SUPPLIED MATERIAL:

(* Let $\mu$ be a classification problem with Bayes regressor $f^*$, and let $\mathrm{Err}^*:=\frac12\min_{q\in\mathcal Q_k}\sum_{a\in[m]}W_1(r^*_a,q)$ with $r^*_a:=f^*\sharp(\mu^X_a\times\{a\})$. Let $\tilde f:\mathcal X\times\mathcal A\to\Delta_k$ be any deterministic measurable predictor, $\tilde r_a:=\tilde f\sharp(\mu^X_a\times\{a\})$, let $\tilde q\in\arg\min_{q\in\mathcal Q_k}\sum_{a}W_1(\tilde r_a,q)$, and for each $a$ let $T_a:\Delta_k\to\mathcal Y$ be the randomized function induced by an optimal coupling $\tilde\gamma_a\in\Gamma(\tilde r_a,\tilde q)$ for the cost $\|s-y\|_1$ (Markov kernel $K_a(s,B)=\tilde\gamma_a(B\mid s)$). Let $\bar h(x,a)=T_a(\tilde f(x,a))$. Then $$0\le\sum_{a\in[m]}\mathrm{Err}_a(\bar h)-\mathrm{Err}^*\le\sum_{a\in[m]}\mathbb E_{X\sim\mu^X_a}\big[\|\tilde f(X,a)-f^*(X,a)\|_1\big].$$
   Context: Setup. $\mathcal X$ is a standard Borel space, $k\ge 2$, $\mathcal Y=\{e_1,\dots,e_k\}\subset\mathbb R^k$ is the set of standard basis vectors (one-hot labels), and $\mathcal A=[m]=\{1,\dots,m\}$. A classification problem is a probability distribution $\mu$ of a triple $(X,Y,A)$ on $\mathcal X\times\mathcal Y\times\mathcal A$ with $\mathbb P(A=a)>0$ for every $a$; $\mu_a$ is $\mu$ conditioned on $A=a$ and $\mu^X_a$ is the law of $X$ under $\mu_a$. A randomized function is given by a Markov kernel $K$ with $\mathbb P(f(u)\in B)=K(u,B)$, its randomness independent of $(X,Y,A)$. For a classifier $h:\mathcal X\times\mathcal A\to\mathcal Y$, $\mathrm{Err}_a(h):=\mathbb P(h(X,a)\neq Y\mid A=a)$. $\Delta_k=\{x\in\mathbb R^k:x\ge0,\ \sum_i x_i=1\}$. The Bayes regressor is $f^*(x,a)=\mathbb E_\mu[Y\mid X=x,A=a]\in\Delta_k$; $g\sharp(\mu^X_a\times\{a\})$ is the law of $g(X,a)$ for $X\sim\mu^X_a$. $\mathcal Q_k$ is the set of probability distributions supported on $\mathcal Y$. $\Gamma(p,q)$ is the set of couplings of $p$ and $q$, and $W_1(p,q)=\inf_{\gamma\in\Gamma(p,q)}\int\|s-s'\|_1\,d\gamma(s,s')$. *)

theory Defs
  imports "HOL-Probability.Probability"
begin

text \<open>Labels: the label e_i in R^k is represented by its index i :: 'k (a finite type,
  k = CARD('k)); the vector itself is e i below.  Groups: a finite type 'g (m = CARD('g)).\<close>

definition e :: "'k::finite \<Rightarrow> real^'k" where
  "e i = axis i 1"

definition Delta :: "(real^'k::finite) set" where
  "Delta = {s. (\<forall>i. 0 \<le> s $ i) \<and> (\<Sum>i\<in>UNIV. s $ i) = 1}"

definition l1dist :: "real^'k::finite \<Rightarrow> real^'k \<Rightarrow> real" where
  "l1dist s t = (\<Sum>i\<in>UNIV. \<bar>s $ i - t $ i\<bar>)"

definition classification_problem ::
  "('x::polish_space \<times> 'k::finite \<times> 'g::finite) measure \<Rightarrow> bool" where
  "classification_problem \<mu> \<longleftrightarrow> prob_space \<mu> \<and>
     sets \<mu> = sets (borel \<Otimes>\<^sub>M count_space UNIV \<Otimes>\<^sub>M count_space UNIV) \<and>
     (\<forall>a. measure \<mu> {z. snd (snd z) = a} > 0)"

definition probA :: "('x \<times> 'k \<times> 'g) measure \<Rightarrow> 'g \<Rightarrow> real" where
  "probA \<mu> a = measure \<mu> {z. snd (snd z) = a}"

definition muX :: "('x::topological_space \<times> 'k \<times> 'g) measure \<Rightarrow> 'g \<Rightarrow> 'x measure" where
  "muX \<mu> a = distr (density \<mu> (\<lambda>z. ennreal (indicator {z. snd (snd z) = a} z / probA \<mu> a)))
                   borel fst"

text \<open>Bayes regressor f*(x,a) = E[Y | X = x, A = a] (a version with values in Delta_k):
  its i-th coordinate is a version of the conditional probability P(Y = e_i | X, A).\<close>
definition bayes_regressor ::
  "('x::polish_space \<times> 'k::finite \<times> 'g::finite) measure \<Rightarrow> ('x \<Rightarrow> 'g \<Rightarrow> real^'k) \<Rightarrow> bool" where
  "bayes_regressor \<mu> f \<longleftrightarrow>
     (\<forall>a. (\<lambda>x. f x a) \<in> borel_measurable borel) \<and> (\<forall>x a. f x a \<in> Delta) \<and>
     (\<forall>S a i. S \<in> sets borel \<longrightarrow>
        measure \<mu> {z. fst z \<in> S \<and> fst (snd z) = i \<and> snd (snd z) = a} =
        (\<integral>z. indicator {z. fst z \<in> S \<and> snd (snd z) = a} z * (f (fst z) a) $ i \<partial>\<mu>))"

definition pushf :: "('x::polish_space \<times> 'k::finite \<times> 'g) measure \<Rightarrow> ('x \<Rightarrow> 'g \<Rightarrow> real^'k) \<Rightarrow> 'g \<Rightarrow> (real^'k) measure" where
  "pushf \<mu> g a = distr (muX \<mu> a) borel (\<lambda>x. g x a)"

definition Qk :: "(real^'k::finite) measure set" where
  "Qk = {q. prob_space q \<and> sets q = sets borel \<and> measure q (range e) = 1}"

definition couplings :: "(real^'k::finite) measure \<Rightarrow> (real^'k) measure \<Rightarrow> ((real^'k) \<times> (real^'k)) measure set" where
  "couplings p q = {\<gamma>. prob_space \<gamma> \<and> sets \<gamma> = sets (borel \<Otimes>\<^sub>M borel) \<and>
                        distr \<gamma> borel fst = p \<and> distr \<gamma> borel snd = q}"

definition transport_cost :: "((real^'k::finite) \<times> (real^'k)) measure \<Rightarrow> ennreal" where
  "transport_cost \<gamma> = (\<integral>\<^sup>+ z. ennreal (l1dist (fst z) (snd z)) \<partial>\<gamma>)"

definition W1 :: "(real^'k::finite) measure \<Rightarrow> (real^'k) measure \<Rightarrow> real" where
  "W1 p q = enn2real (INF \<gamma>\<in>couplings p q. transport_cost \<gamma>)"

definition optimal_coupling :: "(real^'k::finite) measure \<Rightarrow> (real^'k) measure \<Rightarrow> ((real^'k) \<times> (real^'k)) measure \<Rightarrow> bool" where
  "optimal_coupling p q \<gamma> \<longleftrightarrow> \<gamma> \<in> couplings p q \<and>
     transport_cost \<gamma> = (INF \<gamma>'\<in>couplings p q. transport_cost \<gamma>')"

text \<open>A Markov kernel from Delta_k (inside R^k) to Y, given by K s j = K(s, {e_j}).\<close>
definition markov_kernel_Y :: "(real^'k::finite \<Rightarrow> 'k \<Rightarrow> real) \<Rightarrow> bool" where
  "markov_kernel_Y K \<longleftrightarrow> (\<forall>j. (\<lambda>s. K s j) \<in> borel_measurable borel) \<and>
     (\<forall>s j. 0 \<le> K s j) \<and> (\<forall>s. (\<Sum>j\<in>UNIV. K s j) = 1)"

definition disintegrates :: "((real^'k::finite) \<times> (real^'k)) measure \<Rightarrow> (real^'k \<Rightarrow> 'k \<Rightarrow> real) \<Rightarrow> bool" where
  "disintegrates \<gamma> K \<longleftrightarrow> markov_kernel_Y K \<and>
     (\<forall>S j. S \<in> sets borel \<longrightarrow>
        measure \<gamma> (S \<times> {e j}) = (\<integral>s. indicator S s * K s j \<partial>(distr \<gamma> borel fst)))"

PROBLEM TO SOLVE: Begin at the line above that has "prob_space \<mu> \<and>" and stop after the line that has "(\<forall>S a i.", copying each line exactly and adding nothing else.

WORKED SOLUTION:
  "classification_problem \<mu> \<longleftrightarrow> prob_space \<mu> \<and>
     sets \<mu> = sets (borel \<Otimes>\<^sub>M count_space UNIV \<Otimes>\<^sub>M count_space UNIV) \<and>
     (\<forall>a. measure \<mu> {z. snd (snd z) = a} > 0)"

definition probA :: "('x \<times> 'k \<times> 'g) measure \<Rightarrow> 'g \<Rightarrow> real" where
  "probA \<mu> a = measure \<mu> {z. snd (snd z) = a}"

definition muX :: "('x::topological_space \<times> 'k \<times> 'g) measure \<Rightarrow> 'g \<Rightarrow> 'x measure" where
  "muX \<mu> a = distr (density \<mu> (\<lambda>z. ennreal (indicator {z. snd (snd z) = a} z / probA \<mu> a)))
                   borel fst"

text \<open>Bayes regressor f*(x,a) = E[Y | X = x, A = a] (a version with values in Delta_k):
  its i-th coordinate is a version of the conditional probability P(Y = e_i | X, A).\<close>
definition bayes_regressor ::
  "('x::polish_space \<times> 'k::finite \<times> 'g::finite) measure \<Rightarrow> ('x \<Rightarrow> 'g \<Rightarrow> real^'k) \<Rightarrow> bool" where
  "bayes_regressor \<mu> f \<longleftrightarrow>
     (\<forall>a. (\<lambda>x. f x a) \<in> borel_measurable borel) \<and> (\<forall>x a. f x a \<in> Delta) \<and>
     (\<forall>S a i. S \<in> sets borel \<longrightarrow>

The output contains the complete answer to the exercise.